Text-Enhanced Zero-Shot Action Recognition: A training-free approach
Massimo Bosetti, Shibingfeng Zhang, Benedetta Liberatori, Giacomo Zara, Elisa Ricci, Paolo Rota
TL;DR
TEAR tackles zero-shot video action recognition by leveraging a language model to generate rich text descriptors for action classes and a frozen image-based VLM to perform inference with these descriptors, all without training on video data. By decomposing actions into sequential sub-actions and adding contextual descriptions, TEAR bridges the semantic gap between verb-heavy action labels and visual sequences. Empirical results on UCF101, HMDB51, and Kinetics-600 show TEAR achieving competitive or superior performance to training-based approaches while remaining inference-only.

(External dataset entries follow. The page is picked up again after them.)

(* Let $\Gamma=(V,E,\mathbf I)$ be a connected locally finite graph with $E\ne\emptyset$ and let $G\le\mathrm{Aut}\,\Gamma$ be such that $\Gamma$ is $G$-vertex-rotary, of valency $k$ and edge-multiplicity $\lambda$. Let $\alpha,\beta$ be adjacent vertices, $e$ an edge incident with both, $H=G_\alpha$, $J=G_e$. Then (a) $\Gamma\cong\mathrm{Cos}(G,H,J)$, and $G=\langle a,z\rangle$ where $H=\langle a\rangle\cong\mathbb Z_{k\lambda}$, $H\cap H^z=\langle a^k\rangle\cong\mathbb Z_\lambda$, $J=\langle z\rangle\cong\mathbb Z_2$ and $H\cap J=1$; (b) $z\notin\langle a\rangle$, $z^a\notin\langle a\rangle$, $(a,z)$ is a rotary pair for $G$, and $G$ acts regularly on the set of arcs of $\Gamma$.
   Context: Graphs are triples $(V,E,\mathbf I)$, each edge incident with exactly two distinct vertices, multiple edges allowed. $\Gamma$ is $G$-vertex-rotary if $G$ is arc-transitive on $\Gamma$ and the stabiliser $G_\alpha$ of a vertex $\alpha$ induces a transitive cyclic group on the set $E(\alpha)$ of edges incident with $\alpha$. A rotary pair for a group $G$ is an ordered pair $(a,z)$ of elements with $G=\langle a,z\rangle$, $|a|$ finite, $|z|=2$ and $z\notin\langle a\rangle$. $\mathrm{Cos}(G,H,J)$: vertices $\{Hx\}$, edges $\{Jy\}$, $Hx$ incident with $Jy$ iff $yx^{-1}\in JH$. *)

theory Defs
  imports "HOL-Algebra.Algebra"
begin

definition graph :: "'v set \<Rightarrow> 'e set \<Rightarrow> ('v \<times> 'e) set \<Rightarrow> bool" where
  "graph V E I \<longleftrightarrow> I \<subseteq> V \<times> E \<and> (\<forall>e\<in>E. card {v. (v, e) \<in> I} = 2)"

definition edges_at :: "('v \<times> 'e) set \<Rightarrow> 'v \<Rightarrow> 'e set" where
  "edges_at I v = {e. (v, e) \<in> I}"

definition adjacent :: "('v \<times> 'e) set \<Rightarrow> 'v \<Rightarrow> 'v \<Rightarrow> bool" where
  "adjacent I u v \<longleftrightarrow> u \<noteq> v \<and> (\<exists>e. (u, e) \<in> I \<and> (v, e) \<in> I)"

definition connected_graph :: "'v set \<Rightarrow> ('v \<times> 'e) set \<Rightarrow> bool" where
  "connected_graph V I \<longleftrightarrow>
     (\<forall>u\<in>V. \<forall>v\<in>V. (u, v) \<in> {(x, y). adjacent I x y}\<^sup>*)"

definition locally_finite :: "'v set \<Rightarrow> ('v \<times> 'e) set \<Rightarrow> bool" where
  "locally_finite V I \<longleftrightarrow> (\<forall>v\<in>V. finite (edges_at I v))"

definition neighbours :: "'v set \<Rightarrow> ('v \<times> 'e) set \<Rightarrow> 'v \<Rightarrow> 'v set" where
  "neighbours V I v = {u\<in>V. adjacent I v u}"

definition edges_between :: "('v \<times> 'e) set \<Rightarrow> 'v \<Rightarrow> 'v \<Rightarrow> 'e set" where
  "edges_between I u v = {e. (u, e) \<in> I \<and> (v, e) \<in> I}"

text \<open>Arcs of a graph with multiple edges: incident vertex-edge pairs (alpha, e).\<close>
definition arcs :: "('v \<times> 'e) set \<Rightarrow> ('v \<times> 'e) set" where
  "arcs I = I"

definition auts :: "'v set \<Rightarrow> 'e set \<Rightarrow> ('v \<times> 'e) set \<Rightarrow> (('v \<Rightarrow> 'v) \<times> ('e \<Rightarrow> 'e)) set" where
  "auts V E I = {(f, g). bij_betw f V V \<and> bij_betw g E E \<and>
       (\<forall>x. x \<notin> V \<longrightarrow> f x = x) \<and> (\<forall>x. x \<notin> E \<longrightarrow> g x = x) \<and>
       (\<forall>v\<in>V. \<forall>e\<in>E. (v, e) \<in> I \<longleftrightarrow> (f v, g e) \<in> I)}"

definition Aut_group :: "'v set \<Rightarrow> 'e set \<Rightarrow> ('v \<times> 'e) set \<Rightarrow> (('v \<Rightarrow> 'v) \<times> ('e \<Rightarrow> 'e)) monoid" where
  "Aut_group V E I = \<lparr>carrier = auts V E I,
      monoid.mult = (\<lambda>(f, g) (f', g'). (f \<circ> f', g \<circ> g')), one = (id, id)\<rparr>"

definition arc_act :: "('v \<Rightarrow> 'v) \<times> ('e \<Rightarrow> 'e) \<Rightarrow> 'v \<times> 'e \<Rightarrow> 'v \<times> 'e" where
  "arc_act g d = (fst g (fst d), snd g (snd d))"

definition vstab :: "(('v \<Rightarrow> 'v) \<times> ('e \<Rightarrow> 'e)) set \<Rightarrow> 'v \<Rightarrow> (('v \<Rightarrow> 'v) \<times> ('e \<Rightarrow> 'e)) set" where
  "vstab G v = {g\<in>G. fst g v = v}"

definition estab :: "(('v \<Rightarrow> 'v) \<times> ('e \<Rightarrow> 'e)) set \<Rightarrow> 'e \<Rightarrow> (('v \<Rightarrow> 'v) \<times> ('e \<Rightarrow> 'e)) set" where
  "estab G e = {g\<in>G. snd g e = e}"

definition arc_transitive :: "('v \<times> 'e) set \<Rightarrow> (('v \<Rightarrow> 'v) \<times> ('e \<Rightarrow> 'e)) set \<Rightarrow> bool" where
  "arc_transitive I G \<longleftrightarrow> (\<forall>d\<in>arcs I. \<forall>d'\<in>arcs I. \<exists>g\<in>G. arc_act g d = d')"

definition arc_regular :: "('v \<times> 'e) set \<Rightarrow> (('v \<Rightarrow> 'v) \<times> ('e \<Rightarrow> 'e)) set \<Rightarrow> bool" where
  "arc_regular I G \<longleftrightarrow> (\<forall>d\<in>arcs I. \<forall>d'\<in>arcs I. \<exists>!g. g \<in> G \<and> arc_act g d = d')"

text \<open>G-vertex-rotary: G is arc-transitive and, for each vertex alpha, the group of
  permutations of E(alpha) induced by G_alpha is cyclic (generated by the permutation
  induced by some c in G_alpha) and transitive on E(alpha).\<close>
definition vertex_rotary :: "'v set \<Rightarrow> 'e set \<Rightarrow> ('v \<times> 'e) set \<Rightarrow> (('v \<Rightarrow> 'v) \<times> ('e \<Rightarrow> 'e)) set \<Rightarrow> bool" where
  "vertex_rotary V E I G \<longleftrightarrow> arc_transitive I G \<and>
     (\<forall>\<alpha>\<in>V.
        (\<exists>c\<in>vstab G \<alpha>. \<forall>g\<in>vstab G \<alpha>. \<exists>n::int. \<forall>e\<in>edges_at I \<alpha>.
             snd g e = snd (c [^]\<^bsub>Aut_group V E I\<^esub> n) e) \<and>
        (\<forall>e\<in>edges_at I \<alpha>. \<forall>e'\<in>edges_at I \<alpha>. \<exists>g\<in>vstab G \<alpha>. snd g e = e'))"

definition graph_isomorphic ::
  "'v set \<Rightarrow> 'e set \<Rightarrow> ('v \<times> 'e) set \<Rightarrow> 'w set \<Rightarrow> 'f set \<Rightarrow> ('w \<times> 'f) set \<Rightarrow> bool" where
  "graph_isomorphic V E I V' E' I' \<longleftrightarrow> (\<exists>\<phi> \<psi>. bij_betw \<phi> V V' \<and> bij_betw \<psi> E E' \<and>
      (\<forall>v\<in>V. \<forall>e\<in>E. (v, e) \<in> I \<longleftrightarrow> (\<phi> v, \<psi> e) \<in> I'))"

definition cos_V :: "('a, 'b) monoid_scheme \<Rightarrow> 'a set \<Rightarrow> 'a set set" where
  "cos_V G H = rcosets\<^bsub>G\<^esub> H"

definition cos_E :: "('a, 'b) monoid_scheme \<Rightarrow> 'a set \<Rightarrow> 'a set set" where
  "cos_E G J = rcosets\<^bsub>G\<^esub> J"

definition cos_I :: "('a, 'b) monoid_scheme \<Rightarrow> 'a set \<Rightarrow> 'a set \<Rightarrow> ('a set \<times> 'a set) set" where
  "cos_I G H J = {(H #>\<^bsub>G\<^esub> x, J #>\<^bsub>G\<^esub> y) | x y. x \<in> carrier G \<and> y \<in> carrier G \<and>
        y \<otimes>\<^bsub>G\<^esub> inv\<^bsub>G\<^esub> x \<in> J <#>\<^bsub>G\<^esub> H}"

definition conj_set :: "('a, 'b) monoid_scheme \<Rightarrow> 'a set \<Rightarrow> 'a \<Rightarrow> 'a set" where
  "conj_set G H z = {inv\<^bsub>G\<^esub> z \<otimes>\<^bsub>G\<^esub> h \<otimes>\<^bsub>G\<^esub> z | h. h \<in> H}"

definition rotary_pair :: "('a, 'b) monoid_scheme \<Rightarrow> 'a \<Rightarrow> 'a \<Rightarrow> bool" where
  "rotary_pair G a z \<longleftrightarrow> a \<in> carrier G \<and> z \<in> carrier G \<and>
     generate G {a, z} = carrier G \<and> group.ord G a \<noteq> 0 \<and> group.ord G z = 2 \<and>
     z \<notin> generate G {a}"

end

theory Submission
  imports Defs
begin

text \<open>
  The stabiliser H of \<alpha> induces a cyclic, hence abelian, transitive group on the edges at \<alpha>,
  and such a group acts regularly; by connectivity an automorphism fixing one arc fixes everything,
  so G acts regularly on arcs. Consequently H is isomorphic to the cyclic group it induces on the
  k\<lambda> edges at \<alpha>, the edge stabiliser J is generated by the element z reversing the arc (\<alpha>, e),
  and H \<inter> H^z, the stabiliser of \<beta> in H, is the subgroup of order \<lambda> of H = \<langle>a\<rangle>,
  namely \<langle>a^k\<rangle>. The orbit of \<alpha> under \<langle>a, z\<rangle> is closed under adjacency, so \<langle>a, z\<rangle> = G.
  Sending a vertex v to the coset {g. g v = \<alpha>} of H, and an edge to the corresponding coset of J,
  turns incidence of v and e' into the condition y x\<inverse> \<in> J H on representatives.
\<close>

section \<open>Cyclic groups\<close>

lemma (in group) generate_singleton_iso_integer_mod_group:
  assumes a: "a \<in> carrier G" and ord: "ord a \<noteq> 0"
  shows "G\<lparr>carrier := generate G {a}\<rparr> \<cong> integer_mod_group (ord a)"
proof -
  define f where "f = (\<lambda>i::int. a [^] i)"
  have carrier_mod: "carrier (integer_mod_group (ord a)) = {0..<int (ord a)}"
    using ord by (simp add: carrier_integer_mod_group)
  have f_mod: "f (i mod int (ord a)) = f i" for i
    unfolding f_def using int_pow_eq[OF a] by (simp add: mod_eq_dvd_iff)
  have "f ` {0..<int (ord a)} = generate G {a}"
  proof -
    have "f ` {0..<int (ord a)} = range f"
      using f_mod ord by (auto intro!: image_eqI[where x = "_ mod int (ord a)"])
    then show ?thesis by (simp add: generate_pow[OF a] f_def full_SetCompr_eq)
  qed
  moreover have "inj_on f {0..<int (ord a)}"
    by (rule inj_onI) (auto simp: f_def int_pow_eq[OF a] mod_eq_dvd_iff[symmetric] mod_pos_pos_trivial)
  moreover have "f \<in> hom (integer_mod_group (ord a)) (G\<lparr>carrier := generate G {a}\<rparr>)"
  proof (rule homI)
    fix i j assume "i \<in> carrier (integer_mod_group (ord a))" "j \<in> carrier (integer_mod_group (ord a))"
    have "f ((i + j) mod int (ord a)) = f i \<otimes> f j"
      unfolding f_mod by (simp add: f_def a int_pow_mult)
    then show "f (i \<otimes>\<^bsub>integer_mod_group (ord a)\<^esub> j) = f i \<otimes>\<^bsub>G\<lparr>carrier := generate G {a}\<rparr>\<^esub> f j"
      by simp
  qed (use \<open>f ` {0..<int (ord a)} = generate G {a}\<close> carrier_mod in auto)
  ultimately have "f \<in> iso (integer_mod_group (ord a)) (G\<lparr>carrier := generate G {a}\<rparr>)"
    unfolding iso_def bij_betw_def carrier_mod by simp
  then show ?thesis
    using is_isoI group.iso_sym[OF group_integer_mod_group] by blast
qed

lemma (in group) subgroup_of_cyclic_eq_generate_pow:
  assumes a: "a \<in> carrier G" and ord: "ord a = k * m" and "k > 0" "m > 0"
    and L: "subgroup L G" "L \<subseteq> generate G {a}" "card L = m"
  shows "L = generate G {a [^] k}"
proof -
  have ak: "a [^] k \<in> carrier G" using a by simp
  have "L \<subseteq> generate G {a [^] k}"
  proof
    fix x assume x: "x \<in> L"
    then obtain t :: int where t: "x = a [^] t" using L(2) generate_pow[OF a] by auto
    interpret L: group "G\<lparr>carrier := L\<rparr>" using subgroup.subgroup_is_group[OF L(1) is_group] .
    have "x [^] m = \<one>"
      using L.pow_order_eq_1 x L(3) nat_pow_consistent[of x m L] by (simp add: order_def)
    moreover have "a [^] (t * int m) = x [^] m"
      using a by (simp add: t int_pow_pow flip: int_pow_int)
    ultimately have "a [^] (t * int m) = \<one>" by simp
    then have "int k * int m dvd t * int m" using int_pow_eq_id[OF a] ord by simp
    then obtain s where "t = int k * s" using \<open>m > 0\<close> by (auto elim: dvdE)
    then have "x = (a [^] k) [^] s" using a by (simp add: t int_pow_pow flip: int_pow_int)
    then show "x \<in> generate G {a [^] k}" using generate_pow[OF ak] by auto
  qed
  moreover have "card (generate G {a [^] k}) = m"
    using ord_pow_gen[OF a, of k] ord \<open>k > 0\<close> generate_pow_card[OF ak] by simp
  ultimately show ?thesis
    using \<open>m > 0\<close> by (metis card_gt_0_iff card_subset_eq L(3))
qed

lemma (in group) conj_notin_subgroup:
  assumes H: "subgroup H G" and a: "a \<in> H" and z: "z \<in> carrier G" "z \<notin> H"
  shows "inv a \<otimes> z \<otimes> a \<notin> H"
proof
  assume c: "inv a \<otimes> z \<otimes> a \<in> H"
  have "a \<in> carrier G" using subgroup.mem_carrier[OF H a] .
  then have "z = a \<otimes> (inv a \<otimes> z \<otimes> a) \<otimes> inv a"
    using z(1) by (simp add: m_assoc flip: m_assoc[of a "inv a"])
  also have "\<dots> \<in> H"
    using subgroup.m_closed[OF H subgroup.m_closed[OF H a c] subgroup.m_inv_closed[OF H a]] .
  finally show False using z(2) by contradiction
qed

section \<open>Group actions\<close>

locale left_action = group G for G (structure) +
  fixes act :: "'a \<Rightarrow> 'x \<Rightarrow> 'x"
  assumes act_mult: "g \<in> carrier G \<Longrightarrow> h \<in> carrier G \<Longrightarrow> act (g \<otimes> h) x = act g (act h x)"
    and act_one: "act \<one> x = x"
begin

lemma act_inv_act [simp]: "g \<in> carrier G \<Longrightarrow> act (inv g) (act g x) = x"
  by (metis act_mult act_one inv_closed l_inv)

lemma act_act_inv [simp]: "g \<in> carrier G \<Longrightarrow> act g (act (inv g) x) = x"
  by (metis act_mult act_one inv_closed r_inv)

lemma act_inj: "g \<in> carrier G \<Longrightarrow> act g x = act g y \<Longrightarrow> x = y"
  by (metis act_inv_act)

lemma stabiliser_subgroup: "subgroup {g \<in> carrier G. act g x = x} G"
  by (rule subgroupI) (auto simp: act_mult act_one dest: act_inv_act[of _ x])

lemma transporter_eq_rcos:
  assumes g: "g \<in> carrier G" and "act g x = x0"
  shows "{h \<in> carrier G. act h x = x0} = {s \<in> carrier G. act s x0 = x0} #> g"
proof (intro equalityI subsetI)
  fix h assume h: "h \<in> {h \<in> carrier G. act h x = x0}"
  then have "h \<otimes> inv g \<in> {s \<in> carrier G. act s x0 = x0}"
    using g assms(2) by (auto simp: act_mult dest: act_inv_act[of g x])
  moreover have "h = h \<otimes> inv g \<otimes> g" using g h by (simp add: m_assoc)
  ultimately show "h \<in> {s \<in> carrier G. act s x0 = x0} #> g"
    unfolding r_coset_def by blast
qed (use g assms(2) in \<open>auto simp: r_coset_def act_mult\<close>)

This text-driven, training-free approach reduces resource requirements and broadens open-vocabulary video understanding with potential extensions to untrimmed videos.
Abstract
Vision-language models (VLMs) have demonstrated remarkable performance across various visual tasks, leveraging joint learning of visual and textual representations. While these models excel in zero-shot image tasks, their application to zero-shot video action recognition (ZSVAR) remains challenging due to the dynamic and temporal nature of actions. Existing methods for ZS-VAR typically require extensive training on specific datasets, which can be resource-intensive and may introduce domain biases. In this work, we propose Text-Enhanced Action Recognition (TEAR), a simple approach to ZS-VAR that is training-free and does not require the availability of training data or extensive computational resources. Drawing inspiration from recent findings in vision and language literature, we utilize action descriptors for decomposition and contextual information to enhance zero-shot action recognition. Through experiments on UCF101, HMDB51, and Kinetics-600 datasets, we showcase the effectiveness and applicability of our proposed approach in addressing the challenges of ZS-VAR.